Literary icon John Irving returned to Iowa City’s writing community on Friday, where he was welcomed by a sold-out Hancher audience.
At 81 years old, Irving still has several novels left to write. He said he saved the shorter and easier ones for later in life.
During the Hancher appearance, in conversation with Iowa Writers’ Workshop program director Lan Samantha Chang, Irving said he has written 14 chapters of his in-progress novel “Honor’s Child.”
“Given my always pessimistic inclination to tell you a story that’s more painful than happy,” he joked to the audience. “I have in this case tried to imagine an orphan who is virtually unadoptable baggage.”
The novel is the first time Irving is reviving characters from a previous novel. Three characters – Dr. Larche, Nurse Edna, and Nurse Angela, from “The Cider House Rules” will appear in his upcoming book.

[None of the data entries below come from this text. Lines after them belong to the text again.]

text \<open>Expand all coefficients \<open>T\<^sub>\<mu>\<close>, \<open>\<mu> \<in> {0,1,2,3}\<^sup>N\<close>, in the computational basis.
  The single-qubit identities \<open>\<Sum>\<^sub>\<mu> \<sigma>\<^sub>\<mu> \<otimes> \<sigma>\<^sub>\<mu> = 2 SWAP\<close> and \<open>\<Sum>\<^sub>\<mu> s\<^sub>\<mu> \<sigma>\<^sub>\<mu> \<otimes> \<sigma>\<^sub>\<mu> = 2 \<epsilon> \<otimes> \<epsilon>\<close>
  (with \<open>s\<^sub>0 = 1\<close>, \<open>s\<^sub>1 = s\<^sub>2 = s\<^sub>3 = -1\<close> and \<open>\<epsilon>\<close> the antisymmetric \<open>2\<times>2\<close> matrix) tensorise.
  The first gives \<open>\<Sum>\<^sub>\<mu> T\<^sub>\<mu>\<^sup>2 = 2\<^sup>N\<close> for a pure state; the second gives
  \<open>\<Sum>\<^sub>\<mu> s\<^sub>\<mu> T\<^sub>\<mu>\<^sup>2 = 2\<^sup>N |\<psi>\<^sup>T \<epsilon>\<^sup>\<otimes>\<^sup>N \<psi>|\<^sup>2\<close>, which vanishes for odd \<open>N\<close> because \<open>\<epsilon>\<^sup>\<otimes>\<^sup>N\<close> is then
  antisymmetric. For odd \<open>N\<close> the full correlations are exactly the strings of sign \<open>-1\<close>,
  so they sum to at most half of \<open>\<Sum>\<^sub>\<mu> (1 - s\<^sub>\<mu>) T\<^sub>\<mu>\<^sup>2 = 2\<^sup>N\<close>.\<close>

definition lists_of_length :: "'a set \<Rightarrow> nat \<Rightarrow> 'a list set" where
  "lists_of_length A n = {xs. length xs = n \<and> set xs \<subseteq> A}"

lemma lists_of_length_0: "lists_of_length A 0 = {[]}"
  by (auto simp: lists_of_length_def)

lemma lists_of_length_Suc:
  "lists_of_length A (Suc n) = (\<lambda>(x, xs). x # xs) ` (A \<times> lists_of_length A n)"
  by (auto simp: lists_of_length_def length_Suc_conv image_iff)

lemma finite_lists_of_length: "finite A \<Longrightarrow> finite (lists_of_length A n)"
  using finite_lists_length_eq[of A n] by (simp add: lists_of_length_def conj_commute)

lemma qbasis_eq_lists_of_length: "qbasis N = lists_of_length UNIV N"
  by (simp add: qbasis_def lists_of_length_def)

lemma finite_qbasis: "finite (qbasis N)"
  by (simp add: qbasis_eq_lists_of_length finite_lists_of_length)

lemma sum_lists_of_length_prod:
  fixes f :: "nat \<Rightarrow> 'a \<Rightarrow> 'b::comm_semiring_1"
  assumes "finite A"
  shows "(\<Sum>xs\<in>lists_of_length A n. \<Prod>k<n. f k (xs ! k)) = (\<Prod>k<n. \<Sum>x\<in>A. f k x)"
proof (induction n arbitrary: f)
  case 0
  then show ?case by (simp add: lists_of_length_0)
next
  case (Suc n)
  have inj: "inj_on (\<lambda>(x, xs). x # xs) (A \<times> lists_of_length A n)"
    by (auto simp: inj_on_def)
  have "(\<Sum>xs\<in>lists_of_length A (Suc n). \<Prod>k<Suc n. f k (xs ! k))
      = (\<Sum>x\<in>A. \<Sum>xs\<in>lists_of_length A n. f 0 x * (\<Prod>k<n. f (Suc k) (xs ! k)))"
    unfolding lists_of_length_Suc sum.reindex[OF inj]
    by (simp add: sum.cartesian_product case_prod_beta prod.lessThan_Suc_shift del: prod.lessThan_Suc)
  also have "\<dots> = (\<Sum>x\<in>A. f 0 x * (\<Prod>k<n. \<Sum>x\<in>A. f (Suc k) x))"
    by (simp add: Suc.IH[of "\<lambda>k. f (Suc k)"] sum_distrib_left[symmetric])
  also have "\<dots> = (\<Prod>k<Suc n. \<Sum>x\<in>A. f k x)"
    by (simp only: prod.lessThan_Suc_shift sum_distrib_right)
  finally show ?case .
qed

lemma prod_of_bool_nth_eq:
  assumes "length xs = n" "length ys = n"
  shows "(\<Prod>k<n. (of_bool (xs ! k = ys ! k) :: 'a::comm_semiring_1)) = of_bool (xs = ys)"
proof -
  have "(\<Prod>k<n. (of_bool (xs ! k = ys ! k) :: 'a)) = of_bool (\<forall>k<n. xs ! k = ys ! k)"
    by (induction n) (auto simp: less_Suc_eq)
  with assms show ?thesis
    by (simp add: list_eq_iff_nth_eq)
qed

lemma sum_sum_antisym_eq_0:
  fixes f :: "'a \<Rightarrow> 'a \<Rightarrow> 'b::field_char_0"
  assumes "\<And>x y. x \<in> B \<Longrightarrow> y \<in> B \<Longrightarrow> f y x = - f x y"
  shows "(\<Sum>x\<in>B. \<Sum>y\<in>B. f x y) = 0"
proof -
  have "(\<Sum>x\<in>B. \<Sum>y\<in>B. f x y) = (\<Sum>y\<in>B. \<Sum>x\<in>B. - f y x)"
    by (subst sum.swap) (intro sum.cong refl assms; assumption)
  then show ?thesis
    by (simp add: sum_negf)
qed

lemma weighted_sum_square_bilinear:
  fixes a :: "'i \<Rightarrow> 'i \<Rightarrow> 'b::comm_ring_1" and P :: "'m \<Rightarrow> 'i \<Rightarrow> 'i \<Rightarrow> 'b"
  shows "(\<Sum>\<mu>\<in>M. w \<mu> * (\<Sum>r\<in>B. \<Sum>c\<in>B. a r c * P \<mu> c r)\<^sup>2)
    = (\<Sum>r\<in>B. \<Sum>r'\<in>B. \<Sum>c\<in>B. \<Sum>c'\<in>B. a r c * a r' c' * (\<Sum>\<mu>\<in>M. w \<mu> * P \<mu> c r * P \<mu> c' r'))"
proof -
  have square: "(\<Sum>r\<in>B. \<Sum>c\<in>B. a r c * P \<mu> c r)\<^sup>2
    = (\<Sum>r\<in>B. \<Sum>r'\<in>B. \<Sum>c\<in>B. \<Sum>c'\<in>B. (a r c * P \<mu> c r) * (a r' c' * P \<mu> c' r'))" for \<mu>
    by (simp only: power2_eq_square sum_product)
  have "(\<Sum>\<mu>\<in>M. w \<mu> * (\<Sum>r\<in>B. \<Sum>c\<in>B. a r c * P \<mu> c r)\<^sup>2)
    = (\<Sum>\<mu>\<in>M. \<Sum>r\<in>B. \<Sum>r'\<in>B. \<Sum>c\<in>B. \<Sum>c'\<in>B. w \<mu> * ((a r c * P \<mu> c r) * (a r' c' * P \<mu> c' r')))"
    by (simp only: square sum_distrib_left)
  also have "\<dots> = (\<Sum>r\<in>B. \<Sum>r'\<in>B. \<Sum>c\<in>B. \<Sum>c'\<in>B. \<Sum>\<mu>\<in>M. w \<mu> * ((a r c * P \<mu> c r) * (a r' c' * P \<mu> c' r')))"
    by (subst sum.swap, rule sum.cong, simp, subst sum.swap, rule sum.cong, simp,
        subst sum.swap, rule sum.cong, simp, subst sum.swap, simp)
  finally show ?thesis
    by (simp add: sum_distrib_left mult_ac)
qed

definition pauli_sign :: "nat \<Rightarrow> real" where
  "pauli_sign m = (if m = 0 then 1 else -1)"

definition pauli_tensor_sign :: "nat list \<Rightarrow> real" where
  "pauli_tensor_sign \<mu>s = (\<Prod>k<length \<mu>s. pauli_sign (\<mu>s ! k))"

definition epsilon :: "bool \<Rightarrow> bool \<Rightarrow> complex" where
  "epsilon a b = (if a = b then 0 else if a then -1 else 1)"

definition epsilon_tensor :: "bool list \<Rightarrow> bool list \<Rightarrow> complex" where
  "epsilon_tensor xs ys = (\<Prod>k<length xs. epsilon (xs ! k) (ys ! k))"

Irving has published 15 novels. He is a best-selling author and winner of the 1999 Academy Award for Best Adapted Screenplay for “The Cider House Rules.” He was a graduate student at the Iowa Writers’ Workshop from 1965 to 1967, where he was a student of Kurt Vonnegut. Irving then taught at the workshop from 1972 to 1975. “As a student, to have Kurt Vonnegut as the first reader of my first novel was a gift I could not have imagined and I felt very well supported here as a student,” Irving said in an interview with The Daily Iowan ahead of his Hancher appearance.
Irving recounted stories of his Iowa City days to the audience on Friday, including a physical altercation at the bar Dave’s Fox Head Tavern on East Market Street in Iowa City in defense of Vonnegut.

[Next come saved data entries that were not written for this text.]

text \<open>Handpicked tour w.r.t. the point w (on the cubic support graph (V,E,ends)):
  at each vertex u, with e_u the edge of value 1, f_u of value \<theta> and g_u of value
  1-\<theta> (P_u is symmetric in f_u, g_u, so the labelling for \<theta> = 1/2 is irrelevant).\<close>
definition handpicked ::
  "real \<Rightarrow> ('e \<Rightarrow> real) \<Rightarrow> 'v set \<Rightarrow> 'e set \<Rightarrow> ('e \<Rightarrow> 'v set) \<Rightarrow> ('e \<Rightarrow> nat) \<Rightarrow> bool" where
  "handpicked \<theta> w V E ends \<chi> \<longleftrightarrow>
     is_tour V E ends \<chi> \<and>
     (\<forall>u \<in> V. \<exists>eu fu gu. {e \<in> E. u \<in> ends e} = {eu, fu, gu} \<and>
        eu \<noteq> fu \<and> eu \<noteq> gu \<and> fu \<noteq> gu \<and>
        w eu = 1 \<and> w fu = \<theta> \<and> w gu = 1 - \<theta> \<and>
        delta_F E ends \<chi> u \<in> P_set eu fu gu)"

definition convex_comb_handpicked ::
  "real \<Rightarrow> ('e \<Rightarrow> real) \<Rightarrow> 'v set \<Rightarrow> 'e set \<Rightarrow> ('e \<Rightarrow> 'v set) \<Rightarrow>
   ('e \<Rightarrow> real) \<Rightarrow> (('e \<Rightarrow> nat) \<Rightarrow> real) \<Rightarrow> ('e \<Rightarrow> nat) set \<Rightarrow> bool" where
  "convex_comb_handpicked \<theta> w V E ends y \<phi> \<F> \<longleftrightarrow>
     finite \<F> \<and>
     (\<forall>F \<in> \<F>. handpicked \<theta> w V E ends F) \<and>
     (\<forall>F \<in> \<F>. \<phi> F \<ge> 0) \<and>
     (\<Sum>F \<in> \<F>. \<phi> F) = 1 \<and>
     (\<forall>e \<in> E. y e = (\<Sum>F \<in> \<F>. \<phi> F * real (F e)))"

definition phi2 :: "(('e \<Rightarrow> nat) \<Rightarrow> real) \<Rightarrow> ('e \<Rightarrow> nat) set \<Rightarrow> 'e \<Rightarrow> real" where
  "phi2 \<phi> \<F> e = (\<Sum>F \<in> {F \<in> \<F>. F e = 2}. \<phi> F)"

definition phi_vertex ::
  "'e set \<Rightarrow> ('e \<Rightarrow> 'v set) \<Rightarrow> (('e \<Rightarrow> nat) \<Rightarrow> real) \<Rightarrow> ('e \<Rightarrow> nat) set \<Rightarrow> 'v \<Rightarrow> 'e multiset \<Rightarrow> real" where
  "phi_vertex E ends \<phi> \<F> u p = (\<Sum>F \<in> {F \<in> \<F>. delta_F E ends F u = p}. \<phi> F)"

end

(*
  Weights at the contracted vertex v_Ubar match by (i), so the two convex combinations can be
  coupled: a transportation plan pairs tours F^U and F^Ubar only when they use the same multiset
  of cut edges at the contracted vertex, and a greedy plan has at most |F^U| + |F^Ubar| pairs.
  Paired tours use every cut edge equally often, so taking F^U on edges meeting U and F^Ubar
  elsewhere gives a multigraph on G_x; its vertex conditions are inherited from the contracted
  graphs, and it is connected because F^U is connected on U by (ii) while every vertex of Ubar
  reaches U along F^Ubar. Weighting the glued tours by the plan reproduces y and phi_2.
*)

theory Submission
  imports Defs
begin

section \<open>Couplings of weightings\<close>

lemma card_positive_decrement:
  fixes \<alpha> :: "'a \<Rightarrow> real"
  assumes "finite A" "a \<in> A" "0 \<le> m"
  shows "card {a'\<in>A. 0 < \<alpha> a' - (if a' = a then m else 0)} \<le> card {a'\<in>A. 0 < \<alpha> a'}"
    and "0 < \<alpha> a \<Longrightarrow> \<alpha> a \<le> m \<Longrightarrow>
           card {a'\<in>A. 0 < \<alpha> a' - (if a' = a then m else 0)} < card {a'\<in>A. 0 < \<alpha> a'}"
proof -
  have sub: "{a'\<in>A. 0 < \<alpha> a' - (if a' = a then m else 0)} \<subseteq> {a'\<in>A. 0 < \<alpha> a'}"
    using assms(3) by auto
  then show "card {a'\<in>A. 0 < \<alpha> a' - (if a' = a then m else 0)} \<le> card {a'\<in>A. 0 < \<alpha> a'}"
    using assms(1) by (intro card_mono) auto
  assume "0 < \<alpha> a" "\<alpha> a \<le> m"
  then have "{a'\<in>A. 0 < \<alpha> a' - (if a' = a then m else 0)} \<subset> {a'\<in>A. 0 < \<alpha> a'}"
    using sub assms(2) by force
  then show "card {a'\<in>A. 0 < \<alpha> a' - (if a' = a then m else 0)} < card {a'\<in>A. 0 < \<alpha> a'}"
    using assms(1) by (intro psubset_card_mono) auto
qed

lemma exists_partner_of_positive_weight:
  fixes \<alpha> :: "'a \<Rightarrow> real" and \<beta> :: "'b \<Rightarrow> real"
  assumes "finite A" "a \<in> A" "0 < \<alpha> a" "\<forall>a\<in>A. 0 \<le> \<alpha> a"
    and "sum \<alpha> {a'\<in>A. ka a' = ka a} = sum \<beta> {b\<in>B. kb b = ka a}"
  obtains b where "b \<in> B" "kb b = ka a" "0 < \<beta> b"
proof -
  have "0 < sum \<alpha> {a'\<in>A. ka a' = ka a}"
    using assms(1-4) by (intro order.strict_trans2[OF _ member_le_sum]) auto
  then have "0 < sum \<beta> {b\<in>B. kb b = ka a}" using assms(5) by simp
  then show ?thesis
    using that sum_nonpos[of "{b\<in>B. kb b = ka a}" \<beta>] by force
qed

As a student, his personal life was different from many of his peers; Irving started a family as an undergraduate student. He attended undergraduate school at the University of Pittsburgh and the University of New Hampshire and went on a study abroad trip to Vienna, Austria.
“You’re not supposed to make a junior year abroad turn into getting married and having a child,” Irving said. “So it was a very busy junior year abroad, not exactly as a junior year abroad is generally intended. Here I thought I was only going to learn a foreign language.”
When he came to Iowa City, he appreciated that two of his passions — wrestling and literature —- were celebrated in the town.
“It was always an added happiness for me to be in a place that loved writing but also a place where wrestling was so central and so important,” he said. “That hadn’t happened before and it didn’t ever happen anywhere else.”
Irving competed as a wrestler for 20 years and coached wrestling until he was 47 years old. He was inducted into the National Wrestling Hall of Fame in 1992 and is a friend of Olympic gold medalist and former Iowa Wrestling Head Coach Dan Gable. Several of his novels – such as “The Imaginary Girlfriend” and “The World According to Garp”– include wrestling in the plot.
His first majorly successful novel was “The World According to Garp,” his fourth novel.
“I was teaching English and coaching wrestling and assumed I always would be. And looking for time to write where I could find it and never having enough,” Irving said. “So that when it happened, that I could do what I wanted to do full time, I not only I think really appreciate it, but by then I knew how to use it and so that worked out well.”
His most recent book, “The Last Chairlift,” published in 2022, is a 900-page story about a straight man in a family full of LGBTQ+ people. It takes place over 80 years, covering the life and death of several characters.
“[It was] intentional to not only make my straight male narrator the only straight person in an all-queer family, but it is also clear that he’s the most badly behaved sexually and that everyone else in his family is better behaved sexually than he is,” he said. “They’re also smarter than he is. They’re also more loving than he is.”
He grew up with a mother who was an abortion-rights advocate, and two younger boy-girl-twin siblings who were both gay.
“Being an ally to people who were treated as sexual outliers just became a natural thing to be,” he told the audience at Hancher.
Irving, a dual citizen of the U.S. and Canada who resides in Toronto, said the United States has regressed on abortion and LGBTQ+ rights. He has long written about topics such as abortion and included transgender characters in his work, but he said he has received criticism for writing about these topics.
“I occasionally hear complaining about how repetitive the sexual politics in my novels are, and I would make the point that if only the country I came from would stop being backward, or going backward in the area of women’s rights and LGBTQ+ rights, maybe I’d move on and write about something else,” he said.
Since his teenage years, Irving has been inspired by 19th-century authors including Charles Dickens and Herman Melville.
“I felt by the reaction of my friends – the few of them who read novels at all – that I was doomed to obscurity because I have attached myself to a role model who was already more than a century out of date,” he said. “But I have not regretted that.”
While in Iowa City, Irving met with students in the Iowa Writers’ Workshop; while he is happy to talk about his methods such as always knowing a novel’s end before he starts writing, Irving explained he doesn’t want to be prescriptive to other writers.
“You have to find your own way as a writer, you can’t do it someone else’s way,” he said. “You have to follow your own instincts.”